[Collected data entries]
┄┄┄┄┄┄┄┄┄┄┄┄┄┄┄┄┄┄┄┄

definition generation_deviation :: "nat \<Rightarrow> nat \<Rightarrow> 'a \<Rightarrow> real" where
  "generation_deviation j t \<omega> = (\<Sum>\<tau><t. real (C j \<tau> \<omega>) - p j)"

definition deviation_event :: "real \<Rightarrow> nat \<Rightarrow> 'a set" where
  "deviation_event a t =
    (\<Union>(i, j)\<in>{1..K} \<times> {1..K}. {\<omega>\<in>space M. a \<le> \<bar>swap_deviation i j t \<omega>\<bar>}) \<union>
    (\<Union>j\<in>{1..K}. {\<omega>\<in>space M. a \<le> \<bar>generation_deviation j t \<omega>\<bar>})"

lemma swap_deviation_measurable:
  "i \<in> {1..K} \<Longrightarrow> j \<in> {1..K} \<Longrightarrow> swap_deviation i j t \<in> borel_measurable M"
  unfolding swap_deviation_def using F_measurable R_measurable by measurable

lemma generation_deviation_measurable: "j \<in> {1..K} \<Longrightarrow> generation_deviation j t \<in> borel_measurable M"
  unfolding generation_deviation_def using C_measurable by measurable

lemma prob_swap_deviation_ge:
  assumes i: "i \<in> {1..K}" and j: "j \<in> {1..K}" and a: "0 < a"
  shows "prob {\<omega>\<in>space M. a \<le> \<bar>swap_deviation i j t \<omega>\<bar>} \<le> t / a\<^sup>2"
proof -
  define X where "X \<tau> \<omega> = real (R i j \<tau> \<omega>) - q * real (F i j \<tau> \<omega>)" for \<tau> \<omega>
  have X_Filt: "X \<sigma> \<in> borel_measurable (Filt \<tau>)" if "\<sigma> < \<tau>" for \<sigma> \<tau>
    unfolding X_def
    using R_measurable_Filt[OF i j that] F_measurable_Filt[OF i j less_imp_le[OF that]]
    by measurable
  have X_bdd: "AE \<omega> in M. \<bar>X \<tau> \<omega>\<bar> \<le> t" if "\<tau> < t" for \<tau>
    using AE_abs_R_minus_qF_le[OF i j, of \<tau>] unfolding X_def
    by eventually_elim (use that in \<open>meson less_imp_le of_nat_le_iff order_trans\<close>)
  have "prob {\<omega>\<in>space M. a \<le> \<bar>swap_deviation i j t \<omega>\<bar>} \<le> (\<Sum>\<tau><t. \<integral>\<omega>. (X \<tau> \<omega>)\<^sup>2 \<partial>M) / a\<^sup>2"
    unfolding swap_deviation_def X_def[symmetric]
  proof (rule measure_abs_sum_ge_orthogonal[OF _ X_bdd _ a])
    show "X \<tau> \<in> borel_measurable M" for \<tau>
      using measurable_Filt[OF X_Filt[OF lessI]] .
    show "(\<integral>\<omega>. X \<sigma> \<omega> * X \<tau> \<omega> \<partial>M) = 0" if "\<sigma> < \<tau>" for \<sigma> \<tau>
      unfolding X_def[of \<tau>]
      using integral_R_minus_qF_orthogonal[OF i j X_Filt[OF that]]
        AE_abs_R_minus_qF_le[OF i j, of \<sigma>, folded X_def]
      by blast
  qed
  also have "(\<Sum>\<tau><t. \<integral>\<omega>. (X \<tau> \<omega>)\<^sup>2 \<partial>M) = (\<integral>\<omega>. (\<Sum>\<tau><t. q * (1 - q) * real (F i j \<tau> \<omega>)) \<partial>M)"
    using integrable_F[OF i j]
    by (simp add: X_def integral_R_minus_qF_square[OF i j] Bochner_Integration.integral_sum)
  also have "\<dots> \<le> t"
  proof (rule integral_le_const)
    show "integrable M (\<lambda>\<omega>. \<Sum>\<tau><t. q * (1 - q) * real (F i j \<tau> \<omega>))"
      using integrable_F[OF i j] by auto
    have "q * (1 - q) * real (F i j \<tau> \<omega>) \<le> real (F i j \<tau> \<omega>)" for \<tau> \<omega>
      using q_pos q_le_1 by (intro mult_left_le_one_le) (auto simp: mult_le_one)
    then have "(\<Sum>\<tau><t. q * (1 - q) * real (F i j \<tau> \<omega>)) \<le> (\<Sum>\<tau><t. F i j \<tau> \<omega>)" for \<omega>
      by (simp add: sum_mono)
    then show "AE \<omega> in M. (\<Sum>\<tau><t. q * (1 - q) * real (F i j \<tau> \<omega>)) \<le> t"
      using sum_F_le_time[OF _ i j, of _ t] by (intro AE_I2) (meson of_nat_le_iff order_trans)
  qed
  finally show ?thesis
    using a by (simp add: divide_right_mono)
qed

lemma abs_C_minus_p_le_1: "j \<in> {1..K} \<Longrightarrow> \<omega> \<in> space M \<Longrightarrow> \<bar>real (C j t \<omega>) - p j\<bar> \<le> 1"
  using C_le_1[of j \<omega> t] p_nonneg[of j] p_le_1[of j] by (cases "C j t \<omega>") auto

lemma integrable_C: "j \<in> {1..K} \<Longrightarrow> integrable M (\<lambda>\<omega>. real (C j t \<omega>))"
  using C_le_1 C_measurable[of j t]
  by (intro integrable_const_bound[where B = 1] AE_I2)
    (auto intro: borel_measurable_count_space_comp)

lemma expectation_C: "j \<in> {1..K} \<Longrightarrow> expectation (\<lambda>\<omega>. real (C j t \<omega>)) = p j"
proof -
  assume j: "j \<in> {1..K}"
  have "real (C j t \<omega>) = indicator {\<omega>\<in>space M. C j t \<omega> = 1} \<omega>" if "\<omega> \<in> space M" for \<omega>
    using C_le_1[OF j that, of t] that by (cases "C j t \<omega>") auto
  then have "expectation (\<lambda>\<omega>. real (C j t \<omega>)) = prob {\<omega>\<in>space M. C j t \<omega> = 1}"
    by (simp add: Int_absorb2[OF Collect_subset] cong: Bochner_Integration.integral_cong)
  then show ?thesis
    using prob_C_eq_1[OF j] by simp
qed

lemma integral_C_minus_p_orthogonal:
  assumes j: "j \<in> {1..K}" and "\<sigma> \<noteq> \<tau>"
  shows "(\<integral>\<omega>. (real (C j \<sigma> \<omega>) - p j) * (real (C j \<tau> \<omega>) - p j) \<partial>M) = 0"
proof -
  let ?X = "\<lambda>x \<omega>. real ((\<lambda>(i, \<tau>). C i \<tau>) x \<omega>) - p (fst x)"
  have "indep_vars (\<lambda>_. borel) ?X ({1..K} \<times> UNIV)"
    by (rule indep_vars_compose2[OF C_indep]) auto
  then have indep: "indep_vars (\<lambda>_. borel) ?X {(j, \<sigma>), (j, \<tau>)}"
    by (rule indep_vars_subset) (use j in auto)
  have "(\<integral>\<omega>. (\<Prod>x\<in>{(j, \<sigma>), (j, \<tau>)}. ?X x \<omega>) \<partial>M) = (\<Prod>x\<in>{(j, \<sigma>), (j, \<tau>)}. \<integral>\<omega>. ?X x \<omega> \<partial>M)"
    by (rule indep_vars_lebesgue_integral[OF _ indep]) (use integrable_C[OF j] in auto)
  moreover have "(\<integral>\<omega>. real (C j \<tau> \<omega>) - p j \<partial>M) = 0"
    using integrable_C[OF j] expectation_C[OF j] by (simp add: prob_space)
  ultimately show ?thesis
    using \<open>\<sigma> \<noteq> \<tau>\<close> by simp
qed

lemma prob_generation_deviation_ge:
  assumes j: "j \<in> {1..K}" and a: "0 < a"
  shows "prob {\<omega>\<in>space M. a \<le> \<bar>generation_deviation j t \<omega>\<bar>} \<le> t / a\<^sup>2"
proof -
  define X where "X \<tau> \<omega> = real (C j \<tau> \<omega>) - p j" for \<tau> \<omega>
  have X_M: "X \<tau> \<in> borel_measurable M" for \<tau>
    unfolding X_def using C_measurable[OF j] by measurable
  have "prob {\<omega>\<in>space M. a \<le> \<bar>generation_deviation j t \<omega>\<bar>} \<le> (\<Sum>\<tau><t. \<integral>\<omega>. (X \<tau> \<omega>)\<^sup>2 \<partial>M) / a\<^sup>2"
    unfolding generation_deviation_def X_def[symmetric]
  proof (rule measure_abs_sum_ge_orthogonal[OF X_M _ _ a])
    show "AE \<omega> in M. \<bar>X \<tau> \<omega>\<bar> \<le> 1" for \<tau>
      unfolding X_def using abs_C_minus_p_le_1[OF j] by (intro AE_I2) auto
    show "(\<integral>\<omega>. X \<sigma> \<omega> * X \<tau> \<omega> \<partial>M) = 0" if "\<sigma> < \<tau>" for \<sigma> \<tau>
      unfolding X_def using integral_C_minus_p_orthogonal[OF j] that by simp
  qed
  also have "(\<integral>\<omega>. (X \<tau> \<omega>)\<^sup>2 \<partial>M) \<le> 1" for \<tau>
  proof (rule integral_le_const)
    show "integrable M (\<lambda>\<omega>. (X \<tau> \<omega>)\<^sup>2)"
      unfolding X_def using abs_C_minus_p_le_1[OF j] X_M[unfolded X_def]
      by (intro integrable_const_bound[where B = 1] AE_I2) (auto simp: abs_square_le_1)
  qed (use abs_C_minus_p_le_1[OF j] in \<open>auto simp: X_def abs_square_le_1\<close>)
  then have "(\<Sum>\<tau><t. \<integral>\<omega>. (X \<tau> \<omega>)\<^sup>2 \<partial>M) \<le> t"
    using sum_mono[of "{..<t}" "\<lambda>\<tau>. \<integral>\<omega>. (X \<tau> \<omega>)\<^sup>2 \<partial>M" "\<lambda>_. 1"] by simp
  finally show ?thesis
    using a by (simp add: divide_right_mono)
qed

lemma deviation_event_sets: "deviation_event a t \<in> events"
  unfolding deviation_event_def
  using swap_deviation_measurable generation_deviation_measurable
  by (intro sets.Un sets.finite_UN) (auto simp: case_prod_beta)

lemma prob_deviation_event:
  assumes a: "0 < a"
  shows "prob (deviation_event a t) \<le> real (K * K + K) * t / a\<^sup>2"
proof -
  let ?S = "\<lambda>(i, j). {\<omega>\<in>space M. a \<le> \<bar>swap_deviation i j t \<omega>\<bar>}"
  let ?G = "\<lambda>j. {\<omega>\<in>space M. a \<le> \<bar>generation_deviation j t \<omega>\<bar>}"
  have S_sets: "?S x \<in> events" if "x \<in> {1..K} \<times> {1..K}" for x
    using that swap_deviation_measurable by (auto simp: case_prod_beta)
  have G_sets: "?G j \<in> events" if "j \<in> {1..K}" for j
    using that generation_deviation_measurable by auto
  have "prob (deviation_event a t) \<le> prob (\<Union>x\<in>{1..K} \<times> {1..K}. ?S x) + prob (\<Union>j\<in>{1..K}. ?G j)"
    unfolding deviation_event_def using S_sets G_sets
    by (intro measure_Un_le) auto
  also have "\<dots> \<le> (\<Sum>x\<in>{1..K} \<times> {1..K}. prob (?S x)) + (\<Sum>j\<in>{1..K}. prob (?G j))"
    using S_sets G_sets by (intro add_mono finite_measure_subadditive_finite) auto
  also have "\<dots> \<le> (\<Sum>x\<in>{1..K} \<times> {1..K}. t / a\<^sup>2) + (\<Sum>j\<in>{1..K}. t / a\<^sup>2)"
    using prob_swap_deviation_ge[OF _ _ a] prob_generation_deviation_ge[OF _ a]
    by (intro add_mono sum_mono) (auto simp: case_prod_beta)
  also have "\<dots> = real (K * K + K) * t / a\<^sup>2"
    by (simp add: card_cartesian_product add_divide_distrib algebra_simps)
  finally show ?thesis .
qed

lemma S_event_if_no_deviation:
  fixes lam :: "nat \<Rightarrow> nat \<Rightarrow> real" and e :: real
  assumes \<omega>: "\<omega> \<in> space M" and e: "0 \<le> e"
    and slack: "\<And>j. j \<in> {1..K} \<Longrightarrow> (\<Sum>i\<in>{1..K}. lam i j + 3 * e) \<le> q * p j"
    and no_failure: "\<And>i j \<tau>. i \<in> {1..K} \<Longrightarrow> j \<in> {1..K} \<Longrightarrow> \<tau> < t \<Longrightarrow> R i j \<tau> \<omega> \<le> F i j \<tau> \<omega>"
    and arrivals: "\<And>i j. i \<in> {1..K} \<Longrightarrow> j \<in> {1..K} \<Longrightarrow> (\<Sum>\<tau><t. real (A i j \<tau> \<omega>)) \<le> t * (lam i j + e)"
    and no_deviation: "\<omega> \<notin> deviation_event (e * t) t"
  shows "\<omega> \<in> S_event M K A R C F t"
  unfolding S_event_def
proof (intro CollectI conjI ballI \<omega>)
  fix j assume j: "j \<in> {1..K}"
  define a where "a i = (\<Sum>\<tau><t. real (A i j \<tau> \<omega>))" for i
  define r where "r i = (\<Sum>\<tau><t. real (R i j \<tau> \<omega>))" for i
  define f where "f i = (\<Sum>\<tau><t. real (F i j \<tau> \<omega>))" for i
  define c where "c = (\<Sum>\<tau><t. real (C j \<tau> \<omega>))"
  have U: "real (Ureq A R i j t \<omega>) = a i - r i" if i: "i \<in> {1..K}" for i
    using Ureq_balance[OF \<omega> i j no_failure[OF i j]] unfolding a_def r_def
    by (metis add_diff_cancel_right' of_nat_add of_nat_sum)
  have "(\<Sum>i\<in>{1..K}. a i - r i + f i) \<le> c"
  proof (rule sum_le_of_capacity_slack[OF _ _ _ _ _ q_pos q_le_1 _ e slack[OF j]])
    show "r i \<le> a i" if "i \<in> {1..K}" for i
      using U[OF that] by simp
    show "q * f i < r i + e * t" if i: "i \<in> {1..K}" for i
    proof -
      have "\<bar>swap_deviation i j t \<omega>\<bar> < e * t"
        using no_deviation i j \<omega> by (auto simp: deviation_event_def not_le)
      then show ?thesis
        by (simp add: swap_deviation_def r_def f_def sum_subtractf sum_distrib_left abs_less_iff)
    qed
    show "t * p j - e * t < c"
    proof -
      have "\<bar>generation_deviation j t \<omega>\<bar> < e * t"
        using no_deviation j \<omega> by (auto simp: deviation_event_def not_le)
      then show ?thesis
        by (simp add: generation_deviation_def c_def sum_subtractf abs_less_iff)
    qed
  qed (use j arrivals[OF _ j] in \<open>auto simp: a_def\<close>)
  moreover have "real (E0 C F K j t \<omega>) = c - (\<Sum>i\<in>{1..K}. f i)"
    using E0_balance[OF \<omega> j, of t] unfolding c_def f_def
    by (simp flip: of_nat_sum of_nat_add add: sum.swap[of _ "{..<t}"])
  ultimately have "(\<Sum>i\<in>{1..K}. real (Ureq A R i j t \<omega>)) \<le> real (E0 C F K j t \<omega>)"
    using U by (simp add: sum.distrib sum_subtractf)
  then show "(\<Sum>i\<in>{1..K}. Ureq A R i j t \<omega>) \<le> E0 C F K j t \<omega>"
    by (simp flip: of_nat_sum)
qed
text \<open>
  Let [X,S] be distributive with FCP. An atom a meets any T in [X,S] either in X or inside T,
  and distributivity lets T \<inter> - pass through products of atoms; so T \<inter> (X a1 \<cdots> ak) is the
  product of X and those ai contained in T. Hence no atom lies in the product of the others, so
  there are only finitely many atoms (otherwise their partial products would form an infinite
  chain), and every T between X and the socle is the product of X with the atoms it contains.
  Thus [X, socle X S] is the finite Boolean lattice of subsets of the atoms; applying this to
  each term of the Loewy series gives Boolean layers and, for a \<P>-extension, FIP. Conversely,
  in a \<P>-extension the layers are stacked one above the other, so three intermediate rings
  either lie in one layer, where distributivity holds by assumption, or two of them are
  comparable in a way that makes the distributive law trivial.
\<close>

subsection \<open>Generated subrings and intervals\<close>

lemma is_subring_gen_subring: "is_subring (gen_subring X)"
  unfolding gen_subring_def is_subring_def by auto

lemma gen_subring_superset: "X \<subseteq> gen_subring X"
  unfolding gen_subring_def by auto

lemma gen_subring_least: "X \<subseteq> V \<Longrightarrow> is_subring V \<Longrightarrow> gen_subring X \<subseteq> V"
  unfolding gen_subring_def by auto

lemma gen_subring_mono: "X \<subseteq> Y \<Longrightarrow> gen_subring X \<subseteq> gen_subring Y"
  unfolding gen_subring_def by auto
lemma gram_schmidt_step:
  assumes u: "orthonormal n u" and x: "x \<notin> tuple_span n u"
  shows "orthonormal (Suc n) (u(Suc n := gs_next n u x))"
    and "tuple_span (Suc n) (u(Suc n := gs_next n u x)) = hspan sm (insert x (u ` {1..n}))"
proof -
  define z where "z = x - proj n u x"
  have z: "z \<noteq> 0"
    using x proj_in_tuple_span[of n u x] unfolding z_def by auto
  have "ip z (u i) = 0" if "i \<in> {1..n}" for i
    unfolding z_def using u tuple_span_base[OF that] by (rule ip_sub_proj_eq_0)
  with u z show "orthonormal (Suc n) (u(Suc n := gs_next n u x))"
    unfolding gs_next_def z_def[symmetric]
    by (intro orthonormal_fun_upd) (simp_all add: ip_normalize_self ip_normalize_left)
  let ?U = "u ` {1..n}"
  have proj_x: "proj n u x \<in> hspan sm (insert y ?U)" for y
    using proj_in_tuple_span[of n u x] hspan_mono[OF subset_insertI[of ?U y]] by blast
  have "normalize z \<in> hspan sm (insert x ?U)"
    unfolding normalize_def z_def by (intro hspan_sm hspan_diff hspan_base insertI1 proj_x)
  moreover have "proj n u x + sm (of_real (sqrt (sqnorm z))) (normalize z) \<in> hspan sm (insert (normalize z) ?U)"
    by (intro hspan_add hspan_sm hspan_base insertI1 proj_x)
  then have "x \<in> hspan sm (insert (normalize z) ?U)"
    using sm_sqrt_sqnorm_normalize[OF z] by (simp add: z_def)
  ultimately have "hspan sm (insert (normalize z) ?U) = hspan sm (insert x ?U)"
    by (intro hspan_eqI) (auto intro: hspan_base)
  then show "tuple_span (Suc n) (u(Suc n := gs_next n u x)) = hspan sm (insert x ?U)"
    unfolding image_fun_upd_Suc gs_next_def z_def[symmetric] .
qed
lemma nn_integral_exp_substitution:
  fixes F :: "real \<Rightarrow> ennreal"
  assumes [measurable]: "F \<in> borel_measurable borel"
  shows "(\<integral>\<^sup>+t. ennreal (1 / t) * F (ln t) * indicator {0<..} t \<partial>lborel) = (\<integral>\<^sup>+x. F x \<partial>lborel)"
proof -
  have "ennreal (1 / exp x) * F (ln (exp x)) * ennreal (exp x) = F x" for x
  proof -
    have "ennreal (1 / exp x) * ennreal (exp x) = 1"
      by (simp add: ennreal_mult [symmetric])
    then show ?thesis
      by (simp add: ac_simps)
  qed
  then have "(\<integral>\<^sup>+x. F x \<partial>lborel)
      = (\<integral>\<^sup>+x. ennreal (1 / exp x) * F (ln (exp x)) * ennreal (exp x) * indicator (einterval (-\<infinity>) \<infinity>) x \<partial>lborel)"
    by simp
  also have "\<dots> = (\<integral>\<^sup>+t. ennreal (1 / t) * F (ln t) * indicator (exp ` einterval (-\<infinity>) \<infinity>) t \<partial>lborel)"
    by (intro nn_integral_substitution_einterval) (auto intro!: DERIV_exp continuous_on_exp continuous_on_id)
  also have "exp ` einterval (-\<infinity>) \<infinity> = {0<..}"
  proof (intro equalityI subsetI)
    fix t :: real
    assume "t \<in> {0<..}"
    then have "t = exp (ln t)"
      by simp
    then show "t \<in> exp ` einterval (-\<infinity>) \<infinity>"
      by simp
  qed auto
  finally show ?thesis ..
qed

┄┄┄┄┄┄┄┄┄┄┄┄┄┄┄┄┄┄┄┄

**Action item**
Among the lines above, repeat exactly those from the line with "using U by (simp" to the line with "Let [X,S] be", counting both ends.

**Answer to this task**
    using U by (simp add: sum.distrib sum_subtractf)
  then show "(\<Sum>i\<in>{1..K}. Ureq A R i j t \<omega>) \<le> E0 C F K j t \<omega>"
    by (simp flip: of_nat_sum)
qed
text \<open>
  Let [X,S] be distributive with FCP. An atom a meets any T in [X,S] either in X or inside T,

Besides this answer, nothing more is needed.